*WHAT YOU HAVE TO DO*. Only the lines with "each" in the entries below belong in the answer; please copy them.

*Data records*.
(* Let $Q=2^q$, $n\ge1$, $\gamma\ge0$, $\varepsilon\in[0,1]$, $\delta_1,\delta_2\ge0$, and let $A\subseteq[Q]^n$, $B\subseteq[Q]^n$ be $\gamma$-uniform with $|A|\ge Q^{n(1-\delta_1)}$ and $|B|\ge Q^{n(1-\delta_2)}$. Let $\delta>0$ be arbitrarily small. If $W$ is drawn from $\mathcal{W}_{Q,\varepsilon}$, then with probability at least $1/2$, $$\mathcal{R}^{(0)}_{W,n}\ge 2q\left(1-\left(\frac{\delta_1+\delta_2}{2}+2(1+\gamma)\varepsilon+\delta\right)\right)-2.$$
   Context: Fix an integer $q\ge1$, $Q=2^q$, $[Q]=\{1,\dots,Q\}$, and a symbol $\phi\notin[Q]$. A channel is $W=(W_1,W_2)$ with $W_i:[Q]^2\to[Q]\cup\{\phi\}$; $W^{(n)}_i(x,y)=(W_i(x_1,y_1),\dots,W_i(x_n,y_n))$ for $x,y\in[Q]^n$. A zero-error code of block length $n$ with message sets $[M_1],[M_2]$ consists of encoders $E_i:[M_i]\to[Q]^n$ and decoders $D_i:([Q]\cup\{\phi\})^n\to[M_i]$ with $D_i(W^{(n)}_i(E_1(m_1),E_2(m_2)))=m_i$ for $i=1,2$ and all message pairs; $\mathcal{R}^{(0)}_{W,n}$ is the supremum of $\frac1n\log_2(M_1M_2)$ over such codes. $\mathcal{W}_{Q,\varepsilon}$ is the distribution over channels in which, independently for every $(x,y)\in[Q]^2$, $W(x,y)=(\phi,\phi)$ with probability $\varepsilon$ and $W(x,y)=(x,y)$ otherwise. A pair $(x^{(n)},y^{(n)})\in[Q]^n\times[Q]^n$ is $\gamma$-uniform if for every $(\alpha,\beta)\in[Q]^2$, $(1-\gamma)\frac{n}{Q^2}\le|\{i\in[n]:(x_i,y_i)=(\alpha,\beta)\}|\le(1+\gamma)\frac{n}{Q^2}$; sets $A,B\subseteq[Q]^n$ are $\gamma$-uniform if every $(x^{(n)},y^{(n)})\in A\times B$ is $\gamma$-uniform. *)

theory Defs
  imports "HOL-Probability.Probability"
begin

text \<open>The alphabet [Q] = {1..Q}. Output symbols of type nat option; the erasure
  symbol phi is None, an alphabet symbol a is Some a.\<close>

type_synonym channel = "nat \<Rightarrow> nat \<Rightarrow> nat option \<times> nat option"

definition alph :: "nat \<Rightarrow> nat set" where
  "alph Q = {1..Q}"

definition words :: "nat \<Rightarrow> nat \<Rightarrow> nat list set" where
  "words Q n = {x. length x = n \<and> set x \<subseteq> alph Q}"

definition out_words :: "nat \<Rightarrow> nat \<Rightarrow> nat option list set" where
  "out_words Q n = {v. length v = n \<and> (\<forall>a. Some a \<in> set v \<longrightarrow> a \<in> alph Q)}"

definition chan_n :: "channel \<Rightarrow> nat \<Rightarrow> nat list \<Rightarrow> nat list \<Rightarrow> nat option list" where
  "chan_n W i x y = map2 (\<lambda>a b. if i = 1 then fst (W a b) else snd (W a b)) x y"

definition zero_error_code ::
  "nat \<Rightarrow> channel \<Rightarrow> nat \<Rightarrow> nat \<Rightarrow> nat \<Rightarrow>
   (nat \<Rightarrow> nat list) \<Rightarrow> (nat \<Rightarrow> nat list) \<Rightarrow>
   (nat option list \<Rightarrow> nat) \<Rightarrow> (nat option list \<Rightarrow> nat) \<Rightarrow> bool" where
  "zero_error_code Q W n M1 M2 E1 E2 D1 D2 \<longleftrightarrow>
     M1 \<ge> 1 \<and> M2 \<ge> 1 \<and>
     (\<forall>m\<in>{1..M1}. E1 m \<in> words Q n) \<and>
     (\<forall>m\<in>{1..M2}. E2 m \<in> words Q n) \<and>
     (\<forall>v\<in>out_words Q n. D1 v \<in> {1..M1} \<and> D2 v \<in> {1..M2}) \<and>
     (\<forall>m1\<in>{1..M1}. \<forall>m2\<in>{1..M2}.
        D1 (chan_n W 1 (E1 m1) (E2 m2)) = m1 \<and>
        D2 (chan_n W 2 (E1 m1) (E2 m2)) = m2)"

definition zero_error_rate :: "nat \<Rightarrow> channel \<Rightarrow> nat \<Rightarrow> real" where
  "zero_error_rate Q W n =
     Sup {log 2 (real (M1 * M2)) / real n | M1 M2.
            \<exists>E1 E2 D1 D2. zero_error_code Q W n M1 M2 E1 E2 D1 D2}"

definition erasure_channel :: "(nat \<times> nat \<Rightarrow> bool) \<Rightarrow> channel" where
  "erasure_channel S x y = (if S (x, y) then (None, None) else (Some x, Some y))"

text \<open>The distribution W_{Q,eps}: independent erasure of each pair in [Q]^2 with prob. eps.
  Random erasure pattern (False outside [Q]^2, irrelevant there).\<close>
definition erasure_pattern_pmf :: "nat \<Rightarrow> real \<Rightarrow> (nat \<times> nat \<Rightarrow> bool) pmf" where
  "erasure_pattern_pmf Q \<epsilon> = Pi_pmf (alph Q \<times> alph Q) False (\<lambda>_. bernoulli_pmf \<epsilon>)"

definition gamma_uniform_pair :: "nat \<Rightarrow> nat \<Rightarrow> real \<Rightarrow> nat list \<Rightarrow> nat list \<Rightarrow> bool" where
  "gamma_uniform_pair Q n \<gamma> x y \<longleftrightarrow>
     (\<forall>\<alpha>\<in>alph Q. \<forall>\<beta>\<in>alph Q.
        let c = real (card {i. i < n \<and> x ! i = \<alpha> \<and> y ! i = \<beta>}) in
        (1 - \<gamma>) * real n / real Q ^ 2 \<le> c \<and> c \<le> (1 + \<gamma>) * real n / real Q ^ 2)"

definition gamma_uniform_sets :: "nat \<Rightarrow> nat \<Rightarrow> real \<Rightarrow> nat list set \<Rightarrow> nat list set \<Rightarrow> bool" where
  "gamma_uniform_sets Q n \<gamma> A B \<longleftrightarrow> (\<forall>x\<in>A. \<forall>y\<in>B. gamma_uniform_pair Q n \<gamma> x y)"

end

theory Submission
  imports Defs
begin

text \<open>By Markov's inequality, with probability at least 1/2 at most
  \<open>(2(1+\<gamma>)\<epsilon> + \<delta>) Q\<^sup>2 / (1+\<gamma>)\<close> of the \<open>Q\<^sup>2\<close> input pairs are erased. By \<open>\<gamma>\<close>-uniformity
  every codeword pair \<open>(x,y) \<in> A \<times> B\<close> then has at most \<open>t = (2(1+\<gamma>)\<epsilon> + \<delta>) n\<close> erased
  positions. Greedily thin \<open>A\<close> and \<open>B\<close> to subsets whose distinct elements are at Hamming
  distance more than \<open>t\<close>; since a Hamming ball of radius \<open>t\<close> has at most \<open>2\<^sup>n Q\<^sup>t\<close> points,
  this loses a factor of at most \<open>2\<^sup>n Q\<^sup>t\<close> on each side. Two codewords of a thinned set
  that give the same channel output to a receiver differ only in erased positions, hence
  in at most \<open>t\<close> positions, so they are equal: the thinned sets form a zero-error code.\<close>

subsection \<open>Hamming balls and separated subsets\<close>

definition hamming_dist :: "nat \<Rightarrow> nat list \<Rightarrow> nat list \<Rightarrow> nat" where
  "hamming_dist n x y = card {i. i < n \<and> x ! i \<noteq> y ! i}"

definition hamming_ball :: "nat \<Rightarrow> nat \<Rightarrow> real \<Rightarrow> nat list \<Rightarrow> nat list set" where
  "hamming_ball Q n t a = {z \<in> words Q n. real (hamming_dist n a z) \<le> t}"

definition hamming_separated :: "nat \<Rightarrow> real \<Rightarrow> nat list set \<Rightarrow> bool" where
  "hamming_separated n t A \<longleftrightarrow> (\<forall>x\<in>A. \<forall>y\<in>A. x \<noteq> y \<longrightarrow> real (hamming_dist n x y) > t)"

lemma hamming_dist_commute: "hamming_dist n x y = hamming_dist n y x"
  unfolding hamming_dist_def by (metis (mono_tags, lifting))

lemma hamming_dist_self [simp]: "hamming_dist n x x = 0"
  unfolding hamming_dist_def by simp

lemma finite_words [simp]: "finite (words Q n)"
proof -
  have "words Q n = {xs. set xs \<subseteq> alph Q \<and> length xs = n}"
    unfolding words_def by auto
  then show ?thesis
    using finite_lists_length_eq[of "alph Q" n] by (simp add: alph_def)
qed

lemma inj_on_differences:
  "inj_on (\<lambda>z. ({i. i < n \<and> a ! i \<noteq> z ! i}, restrict ((!) z) {i. i < n \<and> a ! i \<noteq> z ! i}))
     (words Q n)"
proof (rule inj_onI)
  fix z1 z2 assume z1: "z1 \<in> words Q n" and z2: "z2 \<in> words Q n"
  let ?D = "\<lambda>z. {i. i < n \<and> a ! i \<noteq> z ! i}"
  assume "(?D z1, restrict ((!) z1) (?D z1)) = (?D z2, restrict ((!) z2) (?D z2))"
  then have D: "?D z1 = ?D z2" and R: "restrict ((!) z1) (?D z1) = restrict ((!) z2) (?D z2)"
    unfolding prod.inject by blast+
  show "z1 = z2"
  proof (rule nth_equalityI)
    show "length z1 = length z2" using z1 z2 by (simp add: words_def)
    fix i assume "i < length z1"
    then have "i < n" using z1 by (simp add: words_def)
    show "z1 ! i = z2 ! i"
    proof (cases "i \<in> ?D z1")
      case True
      then have "z1 ! i = restrict ((!) z1) (?D z1) i" by simp
      also have "\<dots> = restrict ((!) z2) (?D z2) i" using R by simp
      also have "\<dots> = z2 ! i" using True D by simp
      finally show ?thesis .
    next
      case False
      then have "i \<notin> ?D z2" using D by simp
      then show ?thesis using False \<open>i < n\<close> by simp
    qed
  qed
qed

*RESPONSE BELOW*.
text \<open>The distribution W_{Q,eps}: independent erasure of each pair in [Q]^2 with prob. eps.
  this loses a factor of at most \<open>2\<^sup>n Q\<^sup>t\<close> on each side. Two codewords of a thinned set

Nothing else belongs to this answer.